Going missing and worrying her for 5+ hours, and presumably leaving her to cover the childcare, will make you even less attractive.
As says - are you nice to her when you don't want sex? Do you look after your kids without prompting or help? What about housework? Do you only offer PIV sex that only gratifies you?
I don't do that much to make myself attractive, but I think most would say I'm fairly fit and well kept man.
The going missing thing is a once-off, not a regular occurance at all, I don't go out with friends at the weekend or leave the house unannounced, I'm a family man really.
I'm no saint but yeah I'm nice to her and I'm the provider for the family, not that the money side matters. I most certainly look after the kids frequently yes. I could do more housework, but I'm doing perhaps 25-30%.
Sex wise, I want to make sure we both enjoy it, if she hasn't climaxed then it's not been a success really. I could get more specific but trying not to make this about specific acts. I prefer longer sex than a quickie, put it that way.
@Eric1964
You should get yourself over to the Sexless Marriage Support Thread (started by a woman) and give that message to the many unhappy women on that thread.
Thank you, I'll check it out
@dairydebris
Sex isnt something you have a right to.
She's not 'withholding' it. She just doesn't want it. With you.
You have no right to expect someone who doesn't want to have sex with you to have sex with you just because you want it. Frankly, the way you speak about this disgusts me. You have no right to your wife's body.
If you dont wish to remain with someone who has no desire to have sex with you, begin the divorce.
Ok I didn't want to disgust anyone, I know I have no "right" to it, and I'm always always fully aware of consent, I'd hate myself if there and obviously stop immediately if ever there wasn't consent.
Never dreamed I'd have to be clear on that part but yeah the things we do are always all consensual.
@whatacroc
she's gone off you, its harsh but its a simple as that im afraid. I know because as a woman ive been there.
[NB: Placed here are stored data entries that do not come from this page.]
lemma shortest_walk_exists:
  assumes "walk V E xs" "hd xs = u" "last xs = w"
  shows "\<exists>ys. walk V E ys \<and> hd ys = u \<and> last ys = w \<and> length ys = Suc (dist V E u w)"
proof -
  have "length xs = Suc (length xs - 1)" using assms(1) walk_def by (cases xs) auto
  then have "\<exists>n ys. walk V E ys \<and> hd ys = u \<and> last ys = w \<and> length ys = Suc n"
    using assms by blast
  from LeastI_ex[OF this] show ?thesis unfolding dist_def by blast
qed

lemma distinct_walk_exists:
  "walk V E xs \<Longrightarrow>
    \<exists>ys. walk V E ys \<and> distinct ys \<and> hd ys = hd xs \<and> last ys = last xs \<and> set ys \<subseteq> set xs"
proof (induction "length xs" arbitrary: xs rule: less_induct)
  case less
  show ?case
  proof (cases "distinct xs")
    case True
    then show ?thesis using less.prems by blast
  next
    case False
    then obtain as z bs cs where xs: "xs = as @ [z] @ bs @ [z] @ cs"
      using not_distinct_decomp by blast
    let ?ys = "as @ [z] @ cs"
    have "successively (adj E) xs" using less.prems unfolding walk_iff_successively by auto
    then have "successively (adj E) (as @ [z]) \<and> successively (adj E) (z # cs)"
      unfolding xs successively_append_iff by (simp add: successively_Cons)
    then have "successively (adj E) ((as @ [z]) @ cs)"
      unfolding successively_append_iff successively_Cons by auto
    then have "walk V E ?ys" using less.prems unfolding walk_iff_successively xs by auto
    moreover have "length ?ys < length xs" using xs by simp
    ultimately obtain ys where
      "walk V E ys \<and> distinct ys \<and> hd ys = hd ?ys \<and> last ys = last ?ys \<and> set ys \<subseteq> set ?ys"
      using less.hyps by blast
    moreover have "hd ?ys = hd xs" "last ?ys = last xs" "set ?ys \<subseteq> set xs"
      using xs by (cases as; auto)+
    ultimately show ?thesis by (metis subset_trans)
  qed
qed

text \<open>Shortened to a path, such a walk would close up through x to a cycle.\<close>

lemma tree_no_detour:
  assumes t: "tree V E" and "adj E x a" "adj E x b" "a \<noteq> b"
    and p: "walk (V - {x}) E p" "hd p = a" "last p = b"
  shows False
proof -
  obtain q where q: "walk (V - {x}) E q" "distinct q" "hd q = a" "last q = b"
    using distinct_walk_exists[OF p(1)] p(2,3) by auto
  have g: "graph V E" using t tree_def by auto
  have xV: "x \<in> V" using adj_in_V[OF g assms(2)] by auto
  obtain c q' where q': "q = c # q'" using q walk_def by (cases q) auto
  have "q' \<noteq> []" using q q' assms(4) by auto
  then have "is_cycle V E (x # q)"
    using q q' xV assms(2,3) adj_commute[of E b x]
    unfolding is_cycle_def walk_iff_successively by (auto simp: successively_Cons Suc_le_eq)
  then show False using t unfolding tree_def by auto
qed

lemma shortest_walk_avoids:
  assumes P: "walk V E P" "hd P = r" "last P = a" "length P = Suc (dist V E r a)"
    and "dist V E r a \<le> dist V E r x" "x \<noteq> a"
  shows "x \<notin> set P"
proof
  assume "x \<in> set P"
  then obtain i where i: "i < length P" "P ! i = x" by (metis in_set_conv_nth)
  have "walk V E (take (Suc i) P)" using walk_take[OF P(1)] by auto
  moreover have "hd (take (Suc i) P) = r" using P(2) i by (cases P) auto
  moreover have "last (take (Suc i) P) = x" using i by (simp add: take_Suc_conv_app_nth)
  ultimately have "dist V E r x \<le> i" using dist_le_walk_length i by fastforce
  then have "i = length P - 1" using assms(4,5) i by auto
  then show False using i assms(3,6) by (metis last_conv_nth list.size(3) not_less_zero)
qed

lemma tree_shortest_walk_exists:
  assumes "tree V E" "u \<in> V" "w \<in> V"
  shows "\<exists>P. walk V E P \<and> hd P = u \<and> last P = w \<and> length P = Suc (dist V E u w)"
  using assms shortest_walk_exists unfolding tree_def connected_graph_def by metis

text \<open>Joining shortest walks from r to a and to b gives a walk from a to b avoiding x.\<close>

lemma tree_lower_neighbour_unique:
  assumes t: "tree V E" and r: "r \<in> V" and "adj E x a" "adj E x b"
    and "dist V E r a \<le> dist V E r x" "dist V E r b \<le> dist V E r x"
  shows "a = b"
proof (rule ccontr)
  assume "a \<noteq> b"
  have g: "graph V E" using t tree_def by auto
  have "a \<in> V" "b \<in> V" using adj_in_V[OF g] assms(3,4) by auto
  then obtain P Q where
    P: "walk V E P" "hd P = r" "last P = a" "length P = Suc (dist V E r a)" and
    Q: "walk V E Q" "hd Q = r" "last Q = b" "length Q = Suc (dist V E r b)"
    using tree_shortest_walk_exists[OF t r] by metis
  have "x \<noteq> a" "x \<noteq> b" using assms(3,4) unfolding adj_def by auto
  then have avoid: "x \<notin> set P" "x \<notin> set Q"
    using shortest_walk_avoids[OF P] shortest_walk_avoids[OF Q] assms(5,6) by auto
  obtain Q' where Q': "Q = r # Q'" using Q walk_def by (cases Q) auto
  have "P \<noteq> []" using P walk_def by auto
  have "successively (adj E) (rev P)"
    using P(1) unfolding walk_iff_successively by (simp add: successively_rev adj_commute[of E])
  then have "successively (adj E) (rev P @ Q')"
    using Q Q' P(2) \<open>P \<noteq> []\<close> unfolding walk_iff_successively
    by (auto simp: successively_append_iff successively_Cons last_rev)
  then have "walk (V - {x}) E (rev P @ Q')"
    using P Q Q' avoid \<open>P \<noteq> []\<close> unfolding walk_iff_successively by auto
  moreover have "hd (rev P @ Q') = a" using P \<open>P \<noteq> []\<close> by (simp add: hd_rev)
  moreover have "last (rev P @ Q') = b"
    using Q Q' P \<open>P \<noteq> []\<close> by (cases "Q' = []") (auto simp: last_rev)
  ultimately show False using tree_no_detour[OF t assms(3,4) \<open>a \<noteq> b\<close>] by blast
qed

lemma dist_adj_le:
  assumes t: "tree V E" and "r \<in> V" "x \<in> V" "adj E x u"
  shows "dist V E r u \<le> Suc (dist V E r x)"
proof -
  have g: "graph V E" using t tree_def by auto
  obtain P where P: "walk V E P" "hd P = r" "last P = x" "length P = Suc (dist V E r x)"
    using tree_shortest_walk_exists[OF t assms(2,3)] by auto
  have "walk V E (P @ [u])"
    using P adj_in_V[OF g assms(4)] assms(4)
    unfolding walk_iff_successively successively_append_iff by auto
  from dist_le_walk_length[OF this] P show ?thesis by (cases P) auto
qed

lemma child_if_adj_not_parent:
  assumes t: "tree V E" and r: "r \<in> V" and parent: "child V E r v x"
    and "adj E x u" "u \<noteq> v"
  shows "child V E r x u"
proof -
  have g: "graph V E" using t tree_def by auto
  have x: "x \<in> V" and "u \<in> V" using parent adj_in_V[OF g assms(4)] unfolding child_def by auto
  moreover have "\<not> dist V E r u \<le> dist V E r x"
  proof
    assume "dist V E r u \<le> dist V E r x"
    moreover have "dist V E r v \<le> dist V E r x" "adj E x v"
      using parent adj_commute[of E x v] unfolding child_def by auto
    ultimately show False using tree_lower_neighbour_unique[OF t r assms(4)] assms(5) by blast
  qed
  ultimately show ?thesis
    using dist_adj_le[OF t r x assms(4)] assms(4) unfolding child_def by auto
qed

lemma tree_no_isolated:
  assumes t: "tree V E" and "u \<in> V" "w \<in> V" "u \<noteq> w"
  shows "no_isolated V E"
  unfolding no_isolated_def
proof
  fix y assume y: "y \<in> V"
  obtain z where z: "z \<in> V" "z \<noteq> y" using assms by metis
  then obtain P where P: "walk V E P" "hd P = y" "last P = z"
    using t y unfolding tree_def connected_graph_def by blast
  obtain P' where P': "P = y # P'" using P walk_def by (cases P) auto
  with P z have "P' \<noteq> []" by auto
  with P P' have "adj E y (hd P')" "hd P' \<in> V"
    unfolding walk_iff_successively by (auto simp: successively_Cons)
  then show "\<exists>u\<in>V. adj E y u" by blast
qed

section \<open>Total Roman dominating functions\<close>

lemma gamma_tR_le: "TRDF V E f \<Longrightarrow> gamma_tR V E \<le> sum f V"
  unfolding gamma_tR_def by (rule Least_le) blast

lemma gamma_tR_attained:
  assumes "no_isolated V E"
  shows "\<exists>f. TRDF V E f \<and> gamma_tR V E = sum f V"
proof -
  have "TRDF V E (\<lambda>_. 1)" using assms unfolding TRDF_def no_isolated_def by auto
  then have "\<exists>w f. TRDF V E f \<and> w = sum f V" by blast
  from LeastI_ex[OF this] show ?thesis unfolding gamma_tR_def by blast
qed

lemma TRDF_pendant:
  assumes h: "TRDF V E h" and "y \<in> V" and only_x: "\<And>u. adj E y u \<Longrightarrow> u = x"
  shows "0 < h x \<and> 2 \<le> h x + h y"
proof (cases "h y = 0")
  case True
  with h \<open>y \<in> V\<close> obtain u where "adj E y u" "h u = 2" unfolding TRDF_def by blast
  with only_x True show ?thesis by auto
next
  case False
  with h \<open>y \<in> V\<close> obtain u where "adj E y u" "0 < h u" unfolding TRDF_def by blast
  with only_x False show ?thesis by auto
qed

lemma TRDF_leaf_star:
  assumes g: "graph V E" and h: "TRDF V E' h" and sub: "\<And>p q. adj E' p q \<Longrightarrow> adj E p q"
    and "c \<in> V" and leaves: "\<And>u. adj E' c u \<Longrightarrow> leaf V E u"
    and l: "adj E' c l1" "adj E' c l2" "l1 \<noteq> l2"
  obtains m1 m2 where "adj E' c m1" "adj E' c m2" "m1 \<noteq> m2" "3 \<le> h c + h m1 + h m2"
    and "\<And>u. adj E' m1 u \<Longrightarrow> u = c" "\<And>u. adj E' m2 u \<Longrightarrow> u = c"
proof -
  have pendant: "u = c" if "adj E' c l" "adj E' l u" for l u
    using leaf_only_neighbour[OF g sub leaves[OF that(1)] sub[OF that(1)] that(2)] .
  show ?thesis
  proof (cases "h c = 2")
    case True
    with h \<open>c \<in> V\<close> obtain u where u: "adj E' c u" "0 < h u" unfolding TRDF_def by fastforce
    show ?thesis
    proof (cases "u = l1")
      case True
      with u l \<open>h c = 2\<close> show ?thesis by (intro that[OF u(1) l(2)]) (auto intro: pendant)
    next
      case False
      with u l \<open>h c = 2\<close> show ?thesis by (intro that[OF u(1) l(1)]) (auto intro: pendant)
    qed
  next
    case False
    have "l1 \<in> V" "l2 \<in> V" using adj_in_V[OF g sub[OF l(1)]] adj_in_V[OF g sub[OF l(2)]] by auto
    then have "2 \<le> h c + h l1" "2 \<le> h c + h l2"
      using TRDF_pendant[OF h _ pendant[OF l(1)]] TRDF_pendant[OF h _ pendant[OF l(2)]] by auto
    moreover have "h c \<le> 2" using h \<open>c \<in> V\<close> unfolding TRDF_def by blast
    ultimately show ?thesis using False pendant l by (intro that[OF l]) auto
  qed
qed

definition reassign :: "'a set \<Rightarrow> 'a set \<Rightarrow> ('a \<Rightarrow> nat) \<Rightarrow> 'a \<Rightarrow> nat" where
  "reassign H Z h w = (if w \<in> H then 2 else if w \<in> Z then 0 else h w)"

lemma TRDF_reassign:
  assumes h: "TRDF V E' h" and sub: "\<And>a b. adj E' a b \<Longrightarrow> adj E a b" and "H \<subseteq> V"
    and Z_hub: "\<And>z. z \<in> Z \<Longrightarrow> \<exists>c\<in>H. adj E z c"
    and H_support: "\<And>c. c \<in> H \<Longrightarrow> \<exists>u\<in>V. adj E c u \<and> 0 < reassign H Z h u"
    and Z_pendant: "\<And>z u. z \<in> Z \<Longrightarrow> adj E' z u \<Longrightarrow> u \<in> H"
  shows "TRDF V E (reassign H Z h)"
proof -
  let ?g = "reassign H Z h"
  have h_le: "h u \<le> 2" if "u \<in> V" for u using h that unfolding TRDF_def by blast
  have g_le: "?g u \<le> 2" if "u \<in> V" for u using h_le[OF that] unfolding reassign_def by auto
  have raised: "h u \<le> ?g u" if "adj E' w u" "u \<in> V" "w \<notin> H" for w u
    using Z_pendant[of u w] adj_commute[of E' w u] that h_le[OF that(2)] unfolding reassign_def by auto
  have zero: "\<exists>u\<in>V. adj E w u \<and> ?g u = 2" if "w \<in> V" "?g w = 0" for w
  proof (cases "w \<in> Z")
    case True
    with Z_hub \<open>H \<subseteq> V\<close> show ?thesis unfolding reassign_def by fastforce
  next
    case False
    with that have "w \<notin> H" "h w = 0" unfolding reassign_def by (auto split: if_splits)
    with h \<open>w \<in> V\<close> obtain u where u: "u \<in> V" "adj E' w u" "h u = 2" unfolding TRDF_def by blast
    with raised[of w u] g_le[of u] \<open>w \<notin> H\<close> have "?g u = 2" by simp
    with u sub show ?thesis by blast
  qed
  have positive: "\<exists>u\<in>V. adj E w u \<and> 0 < ?g u" if "w \<in> V" "0 < ?g w" for w
  proof (cases "w \<in> H")
    case True
    then show ?thesis by (rule H_support)
  next
    case False
    with that have "0 < h w" unfolding reassign_def by (auto split: if_splits)
    with h \<open>w \<in> V\<close> obtain u where "u \<in> V" "adj E' w u" "0 < h u" unfolding TRDF_def by blast
    with raised[of w u] False sub show ?thesis by fastforce
  qed
  from g_le zero positive show ?thesis unfolding TRDF_def by blast
qed

lemma sum_reassign_less:
  assumes "finite V" "H \<union> Z \<subseteq> V" "H \<inter> Z = {}" and less: "2 * card H < sum h (H \<union> Z)"
  shows "sum (reassign H Z h) V < sum h V"
proof -
  let ?g = "reassign H Z h" and ?D = "H \<union> Z"
  have fin: "finite H" "finite Z" using assms(1,2) finite_subset by blast+
  have split: "sum f V = sum f (V - ?D) + sum f ?D" for f :: "'a \<Rightarrow> nat"
    using assms(1,2) by (metis sum.subset_diff)
  have "sum ?g (V - ?D) = sum h (V - ?D)" by (rule sum.cong) (auto simp: reassign_def)
  moreover have "sum ?g ?D = 2 * card H"
    using fin assms(3) by (auto simp: sum.union_disjoint reassign_def)
  ultimately show ?thesis using split[of ?g] split[of h] less by linarith
qed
My desire soon returned after we split and a new man came on the scene.
It's not harsh, I appreciate your point of view. I wish we could talk about the details so I could understand why.
@Timeforabitofpeace
It’s pretty much accepted by marital counsellors that resentment over other issues like fairness of domestic labour and childcare has a significant bearing on emotional connection and therefore sex. And yes, the last two are linked.
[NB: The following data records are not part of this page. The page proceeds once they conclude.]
(* Let $D\subset\mathbb{C}$ be an open disk centered at $0$, $f_1,\dots,f_p:D\to\mathbb{C}$ analytic, $A_1,\dots,A_p\in\mathbb{C}^{n\times n}$ with $M(\lambda)=\sum_{m=1}^pf_m(\lambda)A_m$ satisfying $M(\lambda)^T=M(\lambda)$ on $D$, and $M_j:=M^{(j)}(0)$. Let $\mathbf{C}$, $\mathbf{S}$, $\mathbf{A}$, $\mathbf{B}$, $G_{k+1}$, $F_m$ be as described in the context, and assume the infinite matrix $\mathbf{S}$ is invertible. Let $\mathbf{q}_1$ be an infinite block vector whose only nonzero block is its first block $q_1\in\mathbb{C}^n$. Then Algorithm I (indefinite Lanczos) with starting vector $\mathbf{q}_1$ is applicable to the symmetric infinite problem $\mathbf{S}\mathbf{A}\mathbf{x}=\lambda\mathbf{S}\mathbf{B}\mathbf{x}$, and for every iteration $k$: the vector $\mathbf{q}_k$ has only its first $k$ blocks nonzero, the matrix whose columns are these $k$ blocks equals the matrix $Q_k$ generated by Algorithm II (infinite Lanczos) with starting matrix $Q_1=[q_1]$, and the coefficients $t_{i,j}$ and $\omega_i$ produced by the two algorithms coincide.
   Context: Definitions. $\mathbf{C}=[c_{i,j}]_{i,j\ge1}$ is the infinite matrix determined by $c_{i,1}=1/(i+1)$ ($i\ge1$), $c_{i-1,j}=\frac{j}{i}c_{i,j-1}$ ($i,j>1$). $\mathbf{S}$ is the infinite block matrix with $n\times n$ blocks $S_{1,1}=I$, $S_{1,j}=S_{j,1}=0$ ($j\ge2$), $S_{i,j}=c_{i-1,j-1}M_{i+j-2}$ ($i,j\ge2$). $\mathbf{A}=\operatorname{diag}(-M_0,I,I,\dots)$. $\mathbf{B}$ has first block row $(M_1,\frac12M_2,\frac13M_3,\dots)$, blocks $\frac1jI$ at positions $(j+1,j)$, zeros elsewhere. $G_{k+1}\in\mathbb{R}^{(k+1)\times(k+1)}$ has $g_{j,1}=g_{1,j}=1/j$ and $g_{i,j}=c_{i-1,j}/j$ for $i,j\ge2$; $F_m\in\mathbb{C}^{(k+1)\times(k+1)}$ has $(i,j)$ entry $f_m^{(i+j-1)}(0)$. $\circ$ is the Hadamard product, $^T$ the non-conjugate transpose. Algorithm I (indefinite Lanczos for a symmetric pencil $\hat A x=\lambda\hat Bx$, here $\hat A=\mathbf{S}\mathbf{A}$, $\hat B=\mathbf{S}\mathbf{B}$): set $q_0=0$, $t_{0,1}=0$, $\omega_1=q_1^T\hat Bq_1$. For $k=1,2,\dots$: $w=\hat A^{-1}\hat Bq_k$; $z=\hat Bw$; $\alpha=z^Tq_k$, $\beta=z^Tq_{k-1}$, $\gamma=z^Tw$; $t_{k,k}=\alpha/\omega_k$, $t_{k-1,k}=\beta/\omega_{k-1}$ (taken as $0$ when $k=1$); $w_\perp=w-t_{k,k}q_k-t_{k-1,k}q_{k-1}$; $t_{k+1,k}=\|w_\perp\|_2$; $q_{k+1}=w_\perp/t_{k+1,k}$; $\omega_{k+1}=(\gamma-2t_{k,k}\alpha-2t_{k-1,k}\beta+t_{k,k}^2\omega_k+t_{k-1,k}^2\omega_{k-1})/t_{k+1,k}^2$. Algorithm II (infinite Lanczos), with $Q_1\in\mathbb{C}^{n\times1}$: set $Q_0=0$, $t_{0,1}=0$, $\omega_1=Q_1^TM_1Q_1$. For $k=1,2,\dots$, with $Q_k=[\tilde q_1,\dots,\tilde q_k]\in\mathbb{C}^{n\times k}$: compute $w_1=-M_0^{-1}\sum_{j=1}^k\frac{M_j}{j}\tilde q_j$ and $W=w_1e_1^T+Q_kD\in\mathbb{C}^{n\times(k+1)}$, where $D\in\mathbb{R}^{k\times(k+1)}$ has $d_{j,j+1}=1/j$ and zeros elsewhere; compute $Z=\sum_{m=1}^pA_mW(G_{k+1}\circ F_m)$; pad $Q_k$ and $Q_{k-1}$ with zero columns to size $n\times(k+1)$ and compute $\alpha=\operatorname{vec}(Z)^T\operatorname{vec}(Q_k)$, $\beta=\operatorname{vec}(Z)^T\operatorname{vec}(Q_{k-1})$, $\gamma=\operatorname{vec}(Z)^T\operatorname{vec}(W)$; $t_{k,k}=\alpha/\omega_k$, $t_{k-1,k}=\beta/\omega_{k-1}$ ($0$ when $k=1$); $W_\perp=W-t_{k,k}Q_k-t_{k-1,k}Q_{k-1}$; $t_{k+1,k}=\|W_\perp\|_F$; $Q_{k+1}=W_\perp/t_{k+1,k}$; $\omega_{k+1}=(\gamma-2t_{k,k}\alpha-2t_{k-1,k}\beta+t_{k,k}^2\omega_k+t_{k-1,k}^2\omega_{k-1})/t_{k+1,k}^2$. *)

theory Defs
  imports "HOL-Complex_Analysis.Complex_Analysis"
begin

(* Conventions.
   n x n blocks: complex^'n^'n ('n an arbitrary finite index type, n = CARD('n)).
   Infinite block vectors: nat => complex^'n, blocks indexed 1,2,3,... (index 0 unused, kept 0).
   Infinite block matrices: nat => nat => complex^'n^'n, blocks indexed by i,j >= 1.
   Finite n x k matrices (Algorithm II): nat => complex^'n, columns indexed 1..k. *)

type_synonym 'n ivec = "nat \<Rightarrow> complex^'n::finite"
type_synonym 'n imat = "nat \<Rightarrow> nat \<Rightarrow> complex^'n^'n"

text \<open>non-conjugate bilinear form x^T y\<close>
definition bdot :: "complex^'n::finite \<Rightarrow> complex^'n \<Rightarrow> complex" where
  "bdot x y = (\<Sum>i\<in>UNIV. x$i * y$i)"

definition smat :: "complex \<Rightarrow> complex^'n^'n \<Rightarrow> complex^'n^'n" where
  "smat a X = (\<chi> i j. a * X$i$j)"

definition bvec :: "('n::finite) ivec \<Rightarrow> bool" where
  "bvec x \<longleftrightarrow> x 0 = 0 \<and> (\<exists>N. \<forall>i>N. x i = 0)"

definition imv :: "('n::finite) imat \<Rightarrow> ('n::finite) ivec \<Rightarrow> ('n::finite) ivec" where
  "imv X x i = (if i = 0 then 0 else (\<Sum>l. X i (Suc l) *v x (Suc l)))"

definition imm :: "('n::finite) imat \<Rightarrow> ('n::finite) imat \<Rightarrow> ('n::finite) imat" where
  "imm X Y i j = (\<Sum>l. X i (Suc l) ** Y (Suc l) j)"

definition idot :: "('n::finite) ivec \<Rightarrow> ('n::finite) ivec \<Rightarrow> complex" where
  "idot x y = (\<Sum>l. bdot (x (Suc l)) (y (Suc l)))"

definition inorm :: "('n::finite) ivec \<Rightarrow> real" where
  "inorm x = sqrt (\<Sum>l. (norm (x (Suc l)))^2)"

definition imat_invertible :: "('n::finite) imat \<Rightarrow> bool" where
  "imat_invertible X \<longleftrightarrow> (\<exists>Y.
     (\<forall>i\<ge>1. \<forall>j\<ge>1. (\<lambda>l. Y i (Suc l) ** X (Suc l) j) sums (if i = j then mat 1 else 0)) \<and>
     (\<forall>i\<ge>1. \<forall>j\<ge>1. (\<lambda>l. X i (Suc l) ** Y (Suc l) j) sums (if i = j then mat 1 else 0)))"

text \<open>The matrix C: c_{i,1} = 1/(i+1), c_{i-1,j} = j/i c_{i,j-1}, i.e.
  c_{i,j+2} = (j+2)/(i+1) c_{i+1,j+1}. Meaningful for i,j >= 1.\<close>
fun cc :: "nat \<Rightarrow> nat \<Rightarrow> real" where
  "cc i 0 = 0"
| "cc i (Suc 0) = 1 / (real i + 1)"
| "cc i (Suc (Suc j)) = real (Suc (Suc j)) / (real i + 1) * cc (Suc i) (Suc j)"

definition Mfun :: "(nat \<Rightarrow> complex \<Rightarrow> complex) \<Rightarrow> (nat \<Rightarrow> complex^'n^'n) \<Rightarrow> nat
    \<Rightarrow> complex \<Rightarrow> complex^'n^'n" where
  "Mfun f Am p z = (\<Sum>m=1..p. smat (f m z) (Am m))"

definition Mder :: "(nat \<Rightarrow> complex \<Rightarrow> complex) \<Rightarrow> (nat \<Rightarrow> complex^'n^'n) \<Rightarrow> nat
    \<Rightarrow> nat \<Rightarrow> complex^'n^'n" where
  "Mder f Am p j = (\<chi> a b. (deriv ^^ j) (\<lambda>z. Mfun f Am p z $ a $ b) 0)"

definition Smat :: "(nat \<Rightarrow> complex \<Rightarrow> complex) \<Rightarrow> (nat \<Rightarrow> complex^'n^'n) \<Rightarrow> nat \<Rightarrow> ('n::finite) imat" where
  "Smat f Am p i j =
     (if i = 1 \<and> j = 1 then mat 1
      else if i \<ge> 2 \<and> j \<ge> 2 then smat (complex_of_real (cc (i - 1) (j - 1))) (Mder f Am p (i + j - 2))
      else 0)"

definition Amat :: "(nat \<Rightarrow> complex \<Rightarrow> complex) \<Rightarrow> (nat \<Rightarrow> complex^'n^'n) \<Rightarrow> nat \<Rightarrow> ('n::finite) imat" where
  "Amat f Am p i j =
     (if i = 1 \<and> j = 1 then - Mder f Am p 0
      else if i = j \<and> i \<ge> 2 then mat 1
      else 0)"

definition Bmat :: "(nat \<Rightarrow> complex \<Rightarrow> complex) \<Rightarrow> (nat \<Rightarrow> complex^'n^'n) \<Rightarrow> nat \<Rightarrow> ('n::finite) imat" where
  "Bmat f Am p i j =
     (if i = 1 \<and> j \<ge> 1 then smat (complex_of_real (1 / real j)) (Mder f Am p j)
      else if j \<ge> 1 \<and> i = j + 1 then smat (complex_of_real (1 / real j)) (mat 1)
      else 0)"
This is something I'd like to know more about. I do feel like there's resentment there but I'm not sure what it's about. I don't think it's those things, but it might be something else. One for me to take away and think about. Thank you
@pontipinemum
it's the lack of communication that is the worst.
@Rosesandteashops
I 100% agree with this, I want to know why things are the way they are and what we can both do to fix it, or try anyway. If I don't know what's upsetting her, and she doesn't want to know what's upsetting me I really fear there's not much that can be done, especially after the time that has passed :(
various:
Yes, I have two children (both at school) and love them dearly. I don't want to hurt them. I didn't want to bring into a conversation like this if I didn't have to but seems it gives some context maybe?